definition GL :: "nat \<Rightarrow> 'a::field mat set" where
  "GL n = {A. is_nmat n A \<and> (\<exists>B. is_nmat n B \<and> matmul n A B = idm n \<and> matmul n B A = idm n)}"

(* Free algebra k<x_0,...,x_{n-1}>: finitely supported functions on words (letters < n) *)
type_synonym 'a fa = "nat list \<Rightarrow> 'a"

definition fa_carrier :: "nat \<Rightarrow> 'a::field fa set" where
  "fa_carrier n = {f. finite {w. f w \<noteq> 0} \<and> (\<forall>w. f w \<noteq> 0 \<longrightarrow> set w \<subseteq> {..<n})}"

definition fa_mult :: "'a::field fa \<Rightarrow> 'a fa \<Rightarrow> 'a fa" where
  "fa_mult f g = (\<lambda>w. \<Sum>i\<le>length w. f (take i w) * g (drop i w))"

definition fa_word :: "nat list \<Rightarrow> 'a::field fa" where
  "fa_word w = (\<lambda>u. if u = w then 1 else 0)"

definition qrel :: "'a::field mat \<Rightarrow> nat \<Rightarrow> nat \<Rightarrow> 'a fa" where
  "qrel q i j = (\<lambda>u. fa_word [j, i] u - q i j * fa_word [i, j] u)"

inductive_set qideal :: "nat \<Rightarrow> 'a::field mat \<Rightarrow> 'a fa set" for n q where
  zero: "(\<lambda>_. 0) \<in> qideal n q"
| add: "f \<in> qideal n q \<Longrightarrow> g \<in> qideal n q \<Longrightarrow> (\<lambda>u. f u + g u) \<in> qideal n q"
| gen: "i < n \<Longrightarrow> j < n \<Longrightarrow> a \<in> fa_carrier n \<Longrightarrow> b \<in> fa_carrier n \<Longrightarrow>
        fa_mult (fa_mult a (qrel q i j)) b \<in> qideal n q"

(* the unique algebra endomorphism of the free algebra with x_i \<mapsto> \<Sum>_j a_ji x_j *)
definition fa_subst :: "'a::field mat \<Rightarrow> 'a fa \<Rightarrow> 'a fa" where
  "fa_subst A f = (\<lambda>u. \<Sum>w\<in>{w. f w \<noteq> 0 \<and> length w = length u}.
                         f w * (\<Prod>t<length u. A (u ! t) (w ! t)))"

(* M(O_q(k^n)): invertible A such that x_i \<mapsto> \<Sum>_j a_ji x_j extends to a (graded) algebra
   automorphism of O_q = free algebra / qideal: the substitution must preserve the ideal
   (well-defined on the quotient) and the induced map must be bijective on the quotient. *)
definition Mq :: "nat \<Rightarrow> 'a::field mat \<Rightarrow> 'a mat set" where
  "Mq n q = {A \<in> GL n.
      (\<forall>f \<in> qideal n q. fa_subst A f \<in> qideal n q)
    \<and> (\<forall>g \<in> fa_carrier n. \<exists>f \<in> fa_carrier n. (\<lambda>u. fa_subst A f u - g u) \<in> qideal n q)
    \<and> (\<forall>f \<in> fa_carrier n. fa_subst A f \<in> qideal n q \<longrightarrow> f \<in> qideal n q)}"

definition Mgrp :: "nat \<Rightarrow> 'a::field mat \<Rightarrow> 'a mat monoid" where
  "Mgrp n q = \<lparr>carrier = Mq n q, mult = matmul n, one = idm n\<rparr>"

definition blk :: "nat \<Rightarrow> 'a mat \<Rightarrow> nat \<Rightarrow> nat set" where
  "blk n q i = {i'. i' < n \<and> (\<forall>j<n. q i' j = q i j)}"

(* Im Phi, via the characterization given in the context *)
definition ImPhi :: "nat \<Rightarrow> 'a::field mat \<Rightarrow> 'a mat set" where
  "ImPhi n q = {m \<in> GL n. \<forall>i<n. \<forall>j<n. blk n q i \<noteq> blk n q j \<longrightarrow> m i j = 0}"

end

theory Submission
  imports Defs
begin

text \<open>Substitution by a matrix is an endomorphism of the free algebra, and composing
  substitutions multiplies matrices, so \<^const>\<open>Mq\<close> is a group consisting of the invertible
  matrices that, together with their inverses, preserve the ideal of relations.
  A block-diagonal matrix maps each relation \<open>x\<^sub>j x\<^sub>i - q\<^sub>i\<^sub>j x\<^sub>i x\<^sub>j\<close> to a linear
  combination of relations, because its nonzero entries only connect indices with equal rows
  of \<open>q\<close>; and block-diagonal matrices are closed under products and inverses (they are the
  matrices commuting with the block projections).
  For normality, the key fact is that the coefficients of \<open>x\<^sub>a x\<^sub>a\<close>, \<open>x\<^sub>a x\<^sub>b\<close>,
  \<open>x\<^sub>b x\<^sub>a\<close> of an ideal element satisfy two linear identities; applied to the image of a
  relation under \<open>X \<in> Mq\<close> they show that \<open>X\<^sub>a\<^sub>i \<noteq> 0\<close> and \<open>X\<^sub>b\<^sub>j \<noteq> 0\<close> force
  \<open>q\<^sub>a\<^sub>b = q\<^sub>i\<^sub>j\<close>. Hence conjugation by \<open>X\<close> cannot join two different blocks.\<close>

section \<open>Matrices\<close>

lemma matmul_assoc: "matmul n (matmul n A B) C = matmul n A (matmul n B C)"
proof (intro ext)
  fix i j
  have "(\<Sum>l<n. (\<Sum>k<n. A i k * B k l) * C l j) = (\<Sum>l<n. \<Sum>k<n. A i k * (B k l * C l j))"
    by (simp add: sum_distrib_right mult.assoc)
  also have "\<dots> = (\<Sum>k<n. \<Sum>l<n. A i k * (B k l * C l j))" by (rule sum.swap)
  also have "\<dots> = (\<Sum>k<n. A i k * (\<Sum>l<n. B k l * C l j))" by (simp add: sum_distrib_left)
  finally show "matmul n (matmul n A B) C i j = matmul n A (matmul n B C) i j"
    by (simp add: matmul_def)
qed

lemma is_nmat_outside: "is_nmat n A \<Longrightarrow> n \<le> i \<or> n \<le> j \<Longrightarrow> A i j = 0"
  by (auto simp: is_nmat_def)

lemma is_nmat_idm: "is_nmat n (idm n)"
  by (simp add: is_nmat_def idm_def)

lemma is_nmat_matmul: "is_nmat n A \<Longrightarrow> is_nmat n B \<Longrightarrow> is_nmat n (matmul n A B)"
  unfolding is_nmat_def matmul_def by auto

lemma matmul_idm_left:
  assumes "is_nmat n A"
  shows "matmul n (idm n) A = A"
proof (intro ext)
  fix i j
  have "matmul n (idm n) A i j = (\<Sum>l<n. if l = i then (if i < n then A i j else 0) else 0)"
    unfolding matmul_def idm_def by (intro sum.cong) auto
  then show "matmul n (idm n) A i j = A i j"
    using is_nmat_outside[OF assms, of i j] by simp
qed

lemma matmul_idm_right:
  assumes "is_nmat n A"
  shows "matmul n A (idm n) = A"
proof (intro ext)
  fix i j
  have "matmul n A (idm n) i j = (\<Sum>l<n. if l = j then (if j < n then A i j else 0) else 0)"
    unfolding matmul_def idm_def by (intro sum.cong) auto
  then show "matmul n A (idm n) i j = A i j"
    using is_nmat_outside[OF assms, of i j] by simp
qed

lemma matmul_nonzeroE:
  assumes "matmul n A B i j \<noteq> 0"
  obtains l where "l < n" "A i l \<noteq> 0" "B l j \<noteq> 0"
  using assms unfolding matmul_def by (auto elim: sum.not_neutral_contains_not_neutral)

lemma GL_iff: "A \<in> GL n \<longleftrightarrow> is_nmat n A \<and> (\<exists>B. is_nmat n B \<and> matmul n A B = idm n \<and> matmul n B A = idm n)"
  by (simp add: GL_def)

lemma GL_is_nmat: "A \<in> GL n \<Longrightarrow> is_nmat n A"
  by (simp add: GL_def)

lemma GL_inverseE:
  assumes "A \<in> GL n"
  obtains B where "is_nmat n B" "matmul n A B = idm n" "matmul n B A = idm n"
  using assms by (auto simp: GL_def)

lemma idm_in_GL: "idm n \<in> GL n"
  using is_nmat_idm matmul_idm_left[OF is_nmat_idm] by (auto simp: GL_def)

lemma GL_matmul:
  assumes "A \<in> GL n" "B \<in> GL n"
  shows "matmul n A B \<in> GL n"
proof -
  obtain A' where A': "is_nmat n A'" "matmul n A A' = idm n" "matmul n A' A = idm n"
    using assms(1) by (rule GL_inverseE)
  obtain B' where B': "is_nmat n B'" "matmul n B B' = idm n" "matmul n B' B = idm n"
    using assms(2) by (rule GL_inverseE)
  have "matmul n (matmul n A B) (matmul n B' A') = idm n"
    by (metis A'(1,2) B'(2) matmul_assoc matmul_idm_left)
  moreover have "matmul n (matmul n B' A') (matmul n A B) = idm n"
    by (metis A'(3) B'(3) GL_is_nmat assms(2) matmul_assoc matmul_idm_left)
  ultimately show ?thesis
    using A' B' GL_is_nmat[OF assms(1)] GL_is_nmat[OF assms(2)]
    by (auto simp: GL_iff intro!: is_nmat_matmul exI[of _ "matmul n B' A'"])
qed

lemma GL_rows_not_proportional:
  assumes A: "A \<in> GL n" and ab: "a < n" "b < n" "a \<noteq> b"
    and proportional: "\<And>j. j < n \<Longrightarrow> A b j = c * A a j"
  shows False
proof -
  obtain B where B: "matmul n A B = idm n" using A by (rule GL_inverseE)
  have "matmul n A B b a = c * matmul n A B a a"
    unfolding matmul_def by (simp add: proportional sum_distrib_left mult.assoc)
  then have "c = 0" using B ab by (simp add: idm_def)
  then have "matmul n A B b b = 0" unfolding matmul_def by (simp add: proportional)
  then show False using B ab by (simp add: idm_def)
qed

lemma matmul_inverse_commute:
  assumes "is_nmat n A" "is_nmat n B" "is_nmat n D"
    and AB: "matmul n A B = idm n" and BA: "matmul n B A = idm n"
    and AD: "matmul n A D = matmul n D A"
  shows "matmul n B D = matmul n D B"
proof -
  have "matmul n B D = matmul n (matmul n B D) (matmul n A B)"
    using AB assms(2,3) by (simp add: matmul_idm_right is_nmat_matmul)
  also have "\<dots> = matmul n B (matmul n (matmul n A D) B)"
    by (simp add: AD matmul_assoc)
  also have "\<dots> = matmul n (matmul n B A) (matmul n D B)"
    by (simp add: matmul_assoc)
  also have "\<dots> = matmul n D B"
    using BA assms(2,3) by (simp add: matmul_idm_left is_nmat_matmul)
  finally show ?thesis .
qed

● ● ● ● ●

## WHAT YOU ARE ASKED TO DO:
Output the lines above between the one holding "obtains l where" and the one holding "using assms(2) by (rule GL_inverseE)", inclusive, with nothing before or after them.

## SOLUTION FOR THIS PROBLEM:
  obtains l where "l < n" "A i l \<noteq> 0" "B l j \<noteq> 0"
  using assms unfolding matmul_def by (auto elim: sum.not_neutral_contains_not_neutral)

lemma GL_iff: "A \<in> GL n \<longleftrightarrow> is_nmat n A \<and> (\<exists>B. is_nmat n B \<and> matmul n A B = idm n \<and> matmul n B A = idm n)"
  by (simp add: GL_def)

lemma GL_is_nmat: "A \<in> GL n \<Longrightarrow> is_nmat n A"
  by (simp add: GL_def)

lemma GL_inverseE:
  assumes "A \<in> GL n"
  obtains B where "is_nmat n B" "matmul n A B = idm n" "matmul n B A = idm n"
  using assms by (auto simp: GL_def)

lemma idm_in_GL: "idm n \<in> GL n"
  using is_nmat_idm matmul_idm_left[OF is_nmat_idm] by (auto simp: GL_def)

lemma GL_matmul:
  assumes "A \<in> GL n" "B \<in> GL n"
  shows "matmul n A B \<in> GL n"
proof -
  obtain A' where A': "is_nmat n A'" "matmul n A A' = idm n" "matmul n A' A = idm n"
    using assms(1) by (rule GL_inverseE)
  obtain B' where B': "is_nmat n B'" "matmul n B B' = idm n" "matmul n B' B = idm n"
    using assms(2) by (rule GL_inverseE)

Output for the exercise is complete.